Bake at least an hour. Reheats well.


----------



## eagle2250 (Mar 24, 2006)

Thank you Andy, it sounds very tasty. I now know what we will be having for dinner tomorrow evening. I will let you know how it turns out.


----------



## Oldsarge (Feb 20, 2011)

It would work but making such things from scratch (even going so far as to grow my own white beans and make my own duck confit) is one of my favorite pastimes. I think I'll do one the hard way.


----------



## eagle2250 (Mar 24, 2006)

My first attempt at a White Bean Soup/Cassoulet is in the oven, as I sit before the keyboard typing this post!


----------



## Oldsarge (Feb 20, 2011)

Well, I have the duck legs to make confit and there is an upscale market across the Willamette that sells a good imitation of Toulouse sausage.

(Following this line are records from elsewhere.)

(* Let $a>b>0$, $c^2=a^2-b^2$, $\delta=\sqrt{a^4-a^2b^2+b^4}$, and let $E$ be the ellipse $\frac{x^2}{a^2}+\frac{y^2}{b^2}=1$. Let $C$ be the caustic of the 3-periodic billiard orbits of $E$, i.e. the ellipse $\frac{x^2}{a_c^2}+\frac{y^2}{b_c^2}=1$ with $a_c=\frac{a(\delta-b^2)}{c^2}$, $b_c=\frac{b(a^2-\delta)}{c^2}$. Let $A_b$ and $A_c$ be the areas enclosed by $E$ and $C$. Then for every 3-periodic billiard orbit in $E$, with inradius $r$ and circumradius $R$, \[ \frac{A_c}{A_b}=\frac{r}{2R}. \]
   Context: A 3-periodic billiard orbit in the ellipse $E$ is a nondegenerate triangle $P_1P_2P_3$ with all vertices on $E$ such that at each vertex $P_i$ the normal line to $E$ at $P_i$ bisects the interior angle of the triangle at $P_i$. All sides of all such orbits are tangent to the confocal ellipse $C$ described in the claim. *)

theory Defs
  imports "HOL-Analysis.Analysis"
begin

definition ellipse :: "real \<Rightarrow> real \<Rightarrow> (real \<times> real) set" where
  "ellipse a b = {p. (fst p)\<^sup>2 / a\<^sup>2 + (snd p)\<^sup>2 / b\<^sup>2 = 1}"

definition ellipse_region :: "real \<Rightarrow> real \<Rightarrow> (real \<times> real) set" where
  "ellipse_region a b = {p. (fst p)\<^sup>2 / a\<^sup>2 + (snd p)\<^sup>2 / b\<^sup>2 \<le> 1}"
(* Let $T>0$, let $r_\alpha,r_\beta,r_v,t_v,\sigma_B,\sigma_W>0$, $\overline{v}_T\in\mathbb{R}$, $\overline{v},f_c,f_d\in C([0,T];\mathbb{R})$, and let $0\le\lambda\le r_\beta\sigma_W^2$. Consider the ODE system on $[0,T]$ $$\begin{cases} \dot\mu_t=\frac{1}{r_\alpha}\mu_t^2+\frac{1}{r_\beta}\eta_t^2-2\eta_t-r_v,\\ \dot\eta_t=\frac{1}{r_\alpha}\mu_t\eta_t+\frac{1}{r_\beta}\rho_t\eta_t-\rho_t-\frac{\lambda}{r_\beta\sigma_W^2}\eta_tf_c(t),\\ \dot\rho_t=\frac{1}{r_\alpha}\eta_t^2+\frac{1}{r_\beta}\rho_t^2-\frac{2\lambda}{r_\beta\sigma_W^2}\rho_tf_c(t)+\big(\frac{\lambda^2}{r_\beta\sigma_W^4}-\frac{\lambda}{\sigma_W^2}\big)f_c^2(t),\\ \dot\gamma_t=\frac{1}{r_\alpha}\mu_t\gamma_t+\frac{1}{r_\beta}\eta_t\theta_t-\theta_t+r_v\overline{v}(t)-\frac{\lambda}{r_\beta\sigma_W^2}\eta_tf_d(t),\\ \dot\theta_t=\frac{1}{r_\alpha}\eta_t\gamma_t+\frac{1}{r_\beta}\rho_t\theta_t-\frac{\lambda}{r_\beta\sigma_W^2}\theta_tf_c(t)-\frac{\lambda}{r_\beta\sigma_W^2}f_d(t)\rho_t+\big(\frac{\lambda^2}{r_\beta\sigma_W^4}-\frac{\lambda}{\sigma_W^2}\big)f_c(t)f_d(t),\\ \dot\xi_t=\frac{1}{2r_\alpha}\gamma_t^2+\frac{1}{2r_\beta}\theta_t^2-\frac12\sigma_B^2\mu_t-\frac12\sigma_W^2\rho_t-\frac{\lambda}{r_\beta\sigma_W^2}f_d(t)\theta_t-\frac{r_v\overline{v}(t)^2}{2}+\big(\frac{\lambda^2}{2r_\beta\sigma_W^4}-\frac{\lambda}{2\sigma_W^2}\big)f_d^2(t), \end{cases}$$ with terminal conditions $\mu_T=t_v$, $\eta_T=0$, $\rho_T=0$, $\gamma_T=-t_v\overline{v}_T$, $\theta_T=0$, $\xi_T=\frac{t_v}{2}\overline{v}_T^2$. Suppose $f_c\equiv f_d\equiv0$ or $\lambda=0$. Then the unique solution $(\mu,\eta,\rho,\gamma,\theta,\xi)$ of this system on $[0,T]$ satisfies $\eta\equiv\rho\equiv\theta\equiv0$, and consequently the feedback function $$\hat\beta(t,v,y)=-\frac{\eta_t}{r_\beta}v+\Big(\frac{\lambda}{r_\beta\sigma_W^2}f_c(t)-\frac{\rho_t}{r_\beta}\Big)y+\Big(\frac{\lambda}{r_\beta\sigma_W^2}f_d(t)-\frac{\theta_t}{r_\beta}\Big)$$ satisfies $\hat\beta\equiv0$ on $[0,T]\times\mathbb{R}\times\mathbb{R}$.
   Context: It is a known fact (which may be assumed) that under the condition $0\le\lambda\le r_\beta\sigma_W^2$ this terminal-value ODE system has a unique global solution on $[0,T]$ for every $T>0$. The system arises from a quadratic ansatz $\mathcal{V}(t,v,y)=\frac{\mu_t}{2}v^2+\eta_tvy+\frac{\rho_t}{2}y^2+\gamma_tv+\theta_ty+\xi_t$ for the value function of a linear-quadratic control problem, and $\hat\beta$ is the resulting optimal feedback for the control $\beta$. *)

theory Defs
  imports "HOL-Analysis.Analysis"
begin

text \<open>The ODE system on [0,T] with terminal conditions. Derivatives are taken
  within the closed interval [0,T] (one-sided at the endpoints).\<close>
definition is_riccati_solution ::
  "real \<Rightarrow> real \<Rightarrow> real \<Rightarrow> real \<Rightarrow> real \<Rightarrow> real \<Rightarrow> real \<Rightarrow> real \<Rightarrow> real \<Rightarrow>
   (real \<Rightarrow> real) \<Rightarrow> (real \<Rightarrow> real) \<Rightarrow> (real \<Rightarrow> real) \<Rightarrow>
   (real \<Rightarrow> real) \<Rightarrow> (real \<Rightarrow> real) \<Rightarrow> (real \<Rightarrow> real) \<Rightarrow> (real \<Rightarrow> real) \<Rightarrow> (real \<Rightarrow> real) \<Rightarrow> (real \<Rightarrow> real) \<Rightarrow> bool"
where
  "is_riccati_solution T r\<^sub>\<alpha> r\<^sub>\<beta> r\<^sub>v t\<^sub>v \<sigma>\<^sub>B \<sigma>\<^sub>W lam vT vbar fc fd mu eta rho gam theta xi \<longleftrightarrow>
     (\<forall>t\<in>{0..T}.
        (mu has_real_derivative
            (1/r\<^sub>\<alpha> * (mu t)\<^sup>2 + 1/r\<^sub>\<beta> * (eta t)\<^sup>2 - 2 * eta t - r\<^sub>v)) (at t within {0..T}) \<and>
        (eta has_real_derivative
            (1/r\<^sub>\<alpha> * mu t * eta t + 1/r\<^sub>\<beta> * rho t * eta t - rho t
             - lam / (r\<^sub>\<beta> * \<sigma>\<^sub>W\<^sup>2) * eta t * fc t)) (at t within {0..T}) \<and>
        (rho has_real_derivative
            (1/r\<^sub>\<alpha> * (eta t)\<^sup>2 + 1/r\<^sub>\<beta> * (rho t)\<^sup>2
             - 2 * lam / (r\<^sub>\<beta> * \<sigma>\<^sub>W\<^sup>2) * rho t * fc t
             + (lam\<^sup>2 / (r\<^sub>\<beta> * \<sigma>\<^sub>W ^ 4) - lam / \<sigma>\<^sub>W\<^sup>2) * (fc t)\<^sup>2)) (at t within {0..T}) \<and>
        (gam has_real_derivative
            (1/r\<^sub>\<alpha> * mu t * gam t + 1/r\<^sub>\<beta> * eta t * theta t - theta t + r\<^sub>v * vbar t
             - lam / (r\<^sub>\<beta> * \<sigma>\<^sub>W\<^sup>2) * eta t * fd t)) (at t within {0..T}) \<and>
        (theta has_real_derivative
            (1/r\<^sub>\<alpha> * eta t * gam t + 1/r\<^sub>\<beta> * rho t * theta t
             - lam / (r\<^sub>\<beta> * \<sigma>\<^sub>W\<^sup>2) * theta t * fc t
             - lam / (r\<^sub>\<beta> * \<sigma>\<^sub>W\<^sup>2) * fd t * rho t
             + (lam\<^sup>2 / (r\<^sub>\<beta> * \<sigma>\<^sub>W ^ 4) - lam / \<sigma>\<^sub>W\<^sup>2) * fc t * fd t)) (at t within {0..T}) \<and>
        (xi has_real_derivative
            (1/(2*r\<^sub>\<alpha>) * (gam t)\<^sup>2 + 1/(2*r\<^sub>\<beta>) * (theta t)\<^sup>2
             - 1/2 * \<sigma>\<^sub>B\<^sup>2 * mu t - 1/2 * \<sigma>\<^sub>W\<^sup>2 * rho t
             - lam / (r\<^sub>\<beta> * \<sigma>\<^sub>W\<^sup>2) * fd t * theta t
             - r\<^sub>v * (vbar t)\<^sup>2 / 2
             + (lam\<^sup>2 / (2 * r\<^sub>\<beta> * \<sigma>\<^sub>W ^ 4) - lam / (2 * \<sigma>\<^sub>W\<^sup>2)) * (fd t)\<^sup>2)) (at t within {0..T}))
     \<and> mu T = t\<^sub>v \<and> eta T = 0 \<and> rho T = 0 \<and> gam T = - t\<^sub>v * vT \<and> theta T = 0
     \<and> xi T = t\<^sub>v / 2 * vT\<^sup>2"

definition beta_hat ::
  "real \<Rightarrow> real \<Rightarrow> real \<Rightarrow> (real \<Rightarrow> real) \<Rightarrow> (real \<Rightarrow> real) \<Rightarrow>
   (real \<Rightarrow> real) \<Rightarrow> (real \<Rightarrow> real) \<Rightarrow> (real \<Rightarrow> real) \<Rightarrow> real \<Rightarrow> real \<Rightarrow> real \<Rightarrow> real"
where
  "beta_hat r\<^sub>\<beta> \<sigma>\<^sub>W lam fc fd eta rho theta t v y =
     - eta t / r\<^sub>\<beta> * v + (lam / (r\<^sub>\<beta> * \<sigma>\<^sub>W\<^sup>2) * fc t - rho t / r\<^sub>\<beta>) * y
     + (lam / (r\<^sub>\<beta> * \<sigma>\<^sub>W\<^sup>2) * fd t - theta t / r\<^sub>\<beta>)"

end

(* If lam fc = lam fd = 0, the equations for (eta, rho, theta) lose their inhomogeneous terms and
   form a linear homogeneous system whose coefficients (built from mu, eta, rho, gam) are bounded
   on the compact interval [0, T]. The energy E = eta^2 + rho^2 + theta^2 then satisfies
   E' >= -L E, so exp (L t) E t is nondecreasing; since E >= 0 and E T = 0, E vanishes on [0, T]. *)

theory Submission
  imports Defs
begin

lemma gronwall_vanishing_backward:
  fixes E E' :: "real \<Rightarrow> real" and a b L s :: real
  assumes deriv: "\<And>t. t \<in> {a..b} \<Longrightarrow> (E has_real_derivative E' t) (at t within {a..b})"
    and growth: "\<And>t. t \<in> {a..b} \<Longrightarrow> E' t \<ge> - L * E t"
    and nonneg: "\<And>t. t \<in> {a..b} \<Longrightarrow> E t \<ge> 0"
    and end_zero: "E b = 0"
    and s: "s \<in> {a..b}"
  shows "E s = 0"
proof -
  define F where "F t = exp (L * t) * E t" for t
  have F_deriv: "(F has_real_derivative exp (L * t) * (L * E t + E' t)) (at t within {a..b})"
    if "t \<in> {a..b}" for t
    unfolding F_def by (rule derivative_eq_intros deriv that refl)+ (simp add: algebra_simps)
  have "F s \<le> F b"
  proof (rule DERIV_nonneg_imp_increasing_open[of s b F])
    show "s \<le> b" using s by simp
    show "continuous_on {s..b} F"
      using continuous_on_subset[OF DERIV_continuous_on[OF F_deriv]] s by auto
    fix t assume "s < t" "t < b"
    then have t: "t \<in> {a..b}" "t \<in> interior {a..b}" using s by auto
    show "\<exists>y. (F has_real_derivative y) (at t) \<and> y \<ge> 0"
      using F_deriv[OF t(1)] growth[OF t(1)] by (auto simp: at_within_interior[OF t(2)])
  qed
  then have "E s \<le> 0" by (simp add: F_def end_zero mult_le_0_iff)
  with nonneg[OF s] show ?thesis by simp
qed
(* Consider a wave sequence $U_L\xrightarrow{S}U_M\xrightarrow{C}U_R$ with $U_L\neq U_R$, consisting of an admissible $S$-wave from $U_L$ to $U_M$ followed by an admissible $C$-wave from $U_M$ to $U_R$. This wave sequence is compatible if and only if $U_M\in\mathcal{R}\cup\mathcal{T}$ and $S^k(U_M)\le S_L\le 1$.
   Context: System: $\partial_t S+\partial_x f(S,C)=0$, $\partial_t[(S+\mathcal{A})C]+\partial_x[f(S,C)C]=0$, with $\mathcal{A}>0$ constant and states $U=(S,C)\in[0,1]^2$. The flux $f$ satisfies: (a) $f\in\mathscr{C}^2$, $f(0,C)=0$, $f(1,C)=1$, $\partial_Sf(0,C)=\partial_Sf(1,C)=0$; (b) for each $C$, $f(\cdot,C)$ is strictly increasing and S-shaped with a single inflection point (convex then concave); (c) $\partial_Cf>0$ for $0<S<1$. Eigenvalues: $\lambda_C(S,C)=f(S,C)/(S+\mathcal{A})$, $\lambda_S(S,C)=\partial_Sf(S,C)$. Transition curve $\mathcal{T}=\{\lambda_S=\lambda_C\}$, $\mathcal{L}=\{\lambda_S>\lambda_C\}$, $\mathcal{R}=\{\lambda_S<\lambda_C\}$; for each $C$, $\mathcal{T}$ contains exactly one point $(S^*(C),C)$ with $S^*(C)\in(0,1)$. For a state $U=(S,C)$, $S^k(U)$ denotes the value $S'\in[0,1]$, $S'\ne S$, with $\lambda_C(S',C)=\lambda_C(U)$ (it lies on the opposite side of $\mathcal{T}$ from $U$); $S^k(U)=+\infty$ if no such $S'$ exists, and $S^k(U)=S^*(C)$ if $S=S^*(C)$. An $S$-wave from $U_1$ to $U_2$ requires $C_1=C_2=C$ and is the solution of the scalar Riemann problem $\partial_tS+\partial_xf(S,C)=0$ with left state $S_1$, right state $S_2$, built from shocks satisfying Oleinik's entropy condition and rarefactions; its initial velocity $v_i$ and final velocity $v_f$ are the smallest and largest propagation speeds in that wave fan. A $C$-wave from $U_1$ to $U_2$ is a contact discontinuity with $\lambda_C(U_1)=\lambda_C(U_2)$, travelling with speed $v_i=v_f=\lambda_C(U_1)$; it is admissible iff $U_1,U_2$ both lie in $\mathcal{L}\cup\mathcal{T}$ or both in $\mathcal{R}\cup\mathcal{T}$. A sequence $U_1\xrightarrow{a}U_2\xrightarrow{b}U_3$ is compatible iff $v_f^a\le v_i^b$. *)

theory Defs
  imports "HOL-Analysis.Analysis"
begin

I've grown an extraordinary amount of white beans so I guess I'll just have to throw a party, open the wine cabinet and make up a casserole of cassoulet. Anyone want to come visit and help me eat it?


----------



## eagle2250 (Mar 24, 2006)

Last evenings White Bean Soup/Casoulet turned out to be a savory treat for the taste buds. It is a recipe that requires little effort and prep time, but yields a wonderful meal in return! Thank you for the recipe Andy.


----------



## Orsini (Apr 24, 2007)

Very nice recipe. I think I'll try it this weekend.


----------



## Vecchio Vespa (Dec 3, 2011)

Oh how I love cassoulet. I usually take the less complicated route of the Julia Child’s MTAOFC recipe. To me it is the perfect thing for a dinner party of about 8-10 on a cold and stormy winter night. 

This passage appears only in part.